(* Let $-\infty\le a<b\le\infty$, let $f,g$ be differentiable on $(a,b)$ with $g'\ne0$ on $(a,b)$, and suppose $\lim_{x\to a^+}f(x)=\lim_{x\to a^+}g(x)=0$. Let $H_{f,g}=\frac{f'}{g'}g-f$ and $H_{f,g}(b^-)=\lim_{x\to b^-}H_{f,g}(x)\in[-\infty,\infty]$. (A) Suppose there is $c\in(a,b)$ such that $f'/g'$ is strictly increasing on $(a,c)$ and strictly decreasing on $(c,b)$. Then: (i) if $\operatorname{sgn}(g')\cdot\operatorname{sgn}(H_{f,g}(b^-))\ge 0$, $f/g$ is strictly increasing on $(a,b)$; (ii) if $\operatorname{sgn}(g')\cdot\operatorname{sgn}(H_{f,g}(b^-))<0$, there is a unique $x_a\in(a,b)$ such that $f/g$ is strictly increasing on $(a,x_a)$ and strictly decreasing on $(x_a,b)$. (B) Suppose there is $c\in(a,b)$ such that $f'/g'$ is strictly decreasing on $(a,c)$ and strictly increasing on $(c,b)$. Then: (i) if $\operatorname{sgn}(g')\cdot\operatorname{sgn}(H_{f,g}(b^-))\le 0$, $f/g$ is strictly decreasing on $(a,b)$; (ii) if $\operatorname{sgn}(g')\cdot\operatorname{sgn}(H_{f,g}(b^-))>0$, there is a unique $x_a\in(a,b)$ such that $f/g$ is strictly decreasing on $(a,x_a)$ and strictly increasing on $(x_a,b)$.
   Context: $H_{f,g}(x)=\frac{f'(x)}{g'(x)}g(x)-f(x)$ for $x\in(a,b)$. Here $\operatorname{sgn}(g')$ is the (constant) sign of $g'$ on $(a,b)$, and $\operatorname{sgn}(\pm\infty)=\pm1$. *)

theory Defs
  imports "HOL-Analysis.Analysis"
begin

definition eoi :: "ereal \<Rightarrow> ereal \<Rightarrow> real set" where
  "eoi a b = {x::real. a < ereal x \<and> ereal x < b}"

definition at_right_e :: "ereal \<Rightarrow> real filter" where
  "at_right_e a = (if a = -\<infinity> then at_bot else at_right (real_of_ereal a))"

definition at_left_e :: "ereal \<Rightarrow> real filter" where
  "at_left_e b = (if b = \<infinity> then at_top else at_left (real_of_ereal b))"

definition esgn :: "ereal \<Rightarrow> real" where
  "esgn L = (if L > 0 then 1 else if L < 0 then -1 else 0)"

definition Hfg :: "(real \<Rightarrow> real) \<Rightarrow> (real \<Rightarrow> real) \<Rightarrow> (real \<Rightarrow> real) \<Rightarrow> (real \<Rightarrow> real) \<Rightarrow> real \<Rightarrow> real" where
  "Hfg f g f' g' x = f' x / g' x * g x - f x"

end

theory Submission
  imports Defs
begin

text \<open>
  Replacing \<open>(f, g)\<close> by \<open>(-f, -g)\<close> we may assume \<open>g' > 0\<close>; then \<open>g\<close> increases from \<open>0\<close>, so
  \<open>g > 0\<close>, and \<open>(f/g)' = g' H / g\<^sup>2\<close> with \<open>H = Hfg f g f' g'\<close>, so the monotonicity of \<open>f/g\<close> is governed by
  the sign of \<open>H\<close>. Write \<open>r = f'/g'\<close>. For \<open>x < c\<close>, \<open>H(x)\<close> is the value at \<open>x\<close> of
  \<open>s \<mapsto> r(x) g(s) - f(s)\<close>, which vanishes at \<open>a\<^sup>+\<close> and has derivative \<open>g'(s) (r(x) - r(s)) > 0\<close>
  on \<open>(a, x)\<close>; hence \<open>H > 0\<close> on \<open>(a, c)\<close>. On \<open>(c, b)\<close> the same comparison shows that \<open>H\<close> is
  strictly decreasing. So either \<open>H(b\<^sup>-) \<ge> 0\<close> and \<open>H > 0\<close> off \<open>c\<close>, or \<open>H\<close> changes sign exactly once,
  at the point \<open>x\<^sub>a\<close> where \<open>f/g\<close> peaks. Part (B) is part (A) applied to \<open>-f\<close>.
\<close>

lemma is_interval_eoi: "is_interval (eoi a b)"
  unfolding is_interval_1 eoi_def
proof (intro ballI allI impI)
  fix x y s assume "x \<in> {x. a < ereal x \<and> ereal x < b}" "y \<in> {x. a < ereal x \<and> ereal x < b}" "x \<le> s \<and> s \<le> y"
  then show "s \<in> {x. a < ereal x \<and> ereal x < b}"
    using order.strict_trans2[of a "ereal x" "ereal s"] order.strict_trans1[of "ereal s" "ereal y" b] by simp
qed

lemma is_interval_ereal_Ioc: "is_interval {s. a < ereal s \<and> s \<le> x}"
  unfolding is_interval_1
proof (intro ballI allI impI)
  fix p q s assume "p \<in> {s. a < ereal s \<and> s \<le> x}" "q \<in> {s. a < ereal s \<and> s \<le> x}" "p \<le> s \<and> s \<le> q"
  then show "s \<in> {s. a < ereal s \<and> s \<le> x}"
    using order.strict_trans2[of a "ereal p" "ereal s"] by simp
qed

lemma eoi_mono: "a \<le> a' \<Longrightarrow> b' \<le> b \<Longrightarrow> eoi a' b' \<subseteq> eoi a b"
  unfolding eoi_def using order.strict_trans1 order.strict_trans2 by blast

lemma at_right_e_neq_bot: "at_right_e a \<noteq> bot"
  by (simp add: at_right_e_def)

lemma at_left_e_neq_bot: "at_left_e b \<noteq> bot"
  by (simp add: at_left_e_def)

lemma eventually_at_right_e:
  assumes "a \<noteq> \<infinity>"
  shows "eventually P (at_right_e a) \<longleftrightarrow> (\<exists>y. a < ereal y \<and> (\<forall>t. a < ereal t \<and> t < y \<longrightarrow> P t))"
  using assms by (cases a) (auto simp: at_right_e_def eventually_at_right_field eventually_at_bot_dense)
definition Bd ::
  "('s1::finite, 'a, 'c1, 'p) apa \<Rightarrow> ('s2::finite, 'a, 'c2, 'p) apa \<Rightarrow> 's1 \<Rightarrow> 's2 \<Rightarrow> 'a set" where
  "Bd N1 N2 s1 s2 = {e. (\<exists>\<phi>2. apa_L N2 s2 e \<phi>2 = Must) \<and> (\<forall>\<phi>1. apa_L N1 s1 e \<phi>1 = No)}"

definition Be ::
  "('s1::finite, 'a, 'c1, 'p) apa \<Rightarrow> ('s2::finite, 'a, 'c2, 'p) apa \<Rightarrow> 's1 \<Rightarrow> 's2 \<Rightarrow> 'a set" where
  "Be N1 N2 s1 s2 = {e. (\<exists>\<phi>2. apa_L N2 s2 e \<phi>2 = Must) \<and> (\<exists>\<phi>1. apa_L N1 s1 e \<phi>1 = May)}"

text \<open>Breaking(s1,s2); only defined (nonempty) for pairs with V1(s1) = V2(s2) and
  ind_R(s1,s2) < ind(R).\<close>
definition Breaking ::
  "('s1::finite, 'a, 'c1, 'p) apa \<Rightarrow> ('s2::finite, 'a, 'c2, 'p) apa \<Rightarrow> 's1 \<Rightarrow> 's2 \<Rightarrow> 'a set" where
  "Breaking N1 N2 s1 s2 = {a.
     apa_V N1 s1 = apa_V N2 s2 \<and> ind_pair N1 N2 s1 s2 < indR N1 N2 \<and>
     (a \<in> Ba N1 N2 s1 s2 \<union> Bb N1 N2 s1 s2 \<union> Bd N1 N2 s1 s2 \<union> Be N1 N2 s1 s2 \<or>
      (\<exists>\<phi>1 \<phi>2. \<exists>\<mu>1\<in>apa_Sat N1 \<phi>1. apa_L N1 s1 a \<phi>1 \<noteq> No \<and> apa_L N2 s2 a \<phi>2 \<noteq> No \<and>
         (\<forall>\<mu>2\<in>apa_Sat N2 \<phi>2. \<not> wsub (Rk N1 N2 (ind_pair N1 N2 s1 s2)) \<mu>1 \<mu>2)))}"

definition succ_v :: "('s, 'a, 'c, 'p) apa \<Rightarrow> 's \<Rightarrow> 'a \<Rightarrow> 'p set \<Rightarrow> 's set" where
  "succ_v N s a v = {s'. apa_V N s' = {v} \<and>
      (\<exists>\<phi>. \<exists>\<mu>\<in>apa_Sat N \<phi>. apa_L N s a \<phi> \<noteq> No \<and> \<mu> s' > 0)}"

━━━━━━━━━━

Brief:
In the entries above, restate word for word the lines between the one holding "a = -\<infinity>" and the one holding "on \<open>(a, x)\<close>;", inclusive, and nothing besides.

Answer:
  "at_right_e a = (if a = -\<infinity> then at_bot else at_right (real_of_ereal a))"

definition at_left_e :: "ereal \<Rightarrow> real filter" where
  "at_left_e b = (if b = \<infinity> then at_top else at_left (real_of_ereal b))"

definition esgn :: "ereal \<Rightarrow> real" where
  "esgn L = (if L > 0 then 1 else if L < 0 then -1 else 0)"

definition Hfg :: "(real \<Rightarrow> real) \<Rightarrow> (real \<Rightarrow> real) \<Rightarrow> (real \<Rightarrow> real) \<Rightarrow> (real \<Rightarrow> real) \<Rightarrow> real \<Rightarrow> real" where
  "Hfg f g f' g' x = f' x / g' x * g x - f x"

end

theory Submission
  imports Defs
begin

text \<open>
  Replacing \<open>(f, g)\<close> by \<open>(-f, -g)\<close> we may assume \<open>g' > 0\<close>; then \<open>g\<close> increases from \<open>0\<close>, so
  \<open>g > 0\<close>, and \<open>(f/g)' = g' H / g\<^sup>2\<close> with \<open>H = Hfg f g f' g'\<close>, so the monotonicity of \<open>f/g\<close> is governed by
  the sign of \<open>H\<close>. Write \<open>r = f'/g'\<close>. For \<open>x < c\<close>, \<open>H(x)\<close> is the value at \<open>x\<close> of
  \<open>s \<mapsto> r(x) g(s) - f(s)\<close>, which vanishes at \<open>a\<^sup>+\<close> and has derivative \<open>g'(s) (r(x) - r(s)) > 0\<close>
  on \<open>(a, x)\<close>; hence \<open>H > 0\<close> on \<open>(a, c)\<close>. On \<open>(c, b)\<close> the same comparison shows that \<open>H\<close> is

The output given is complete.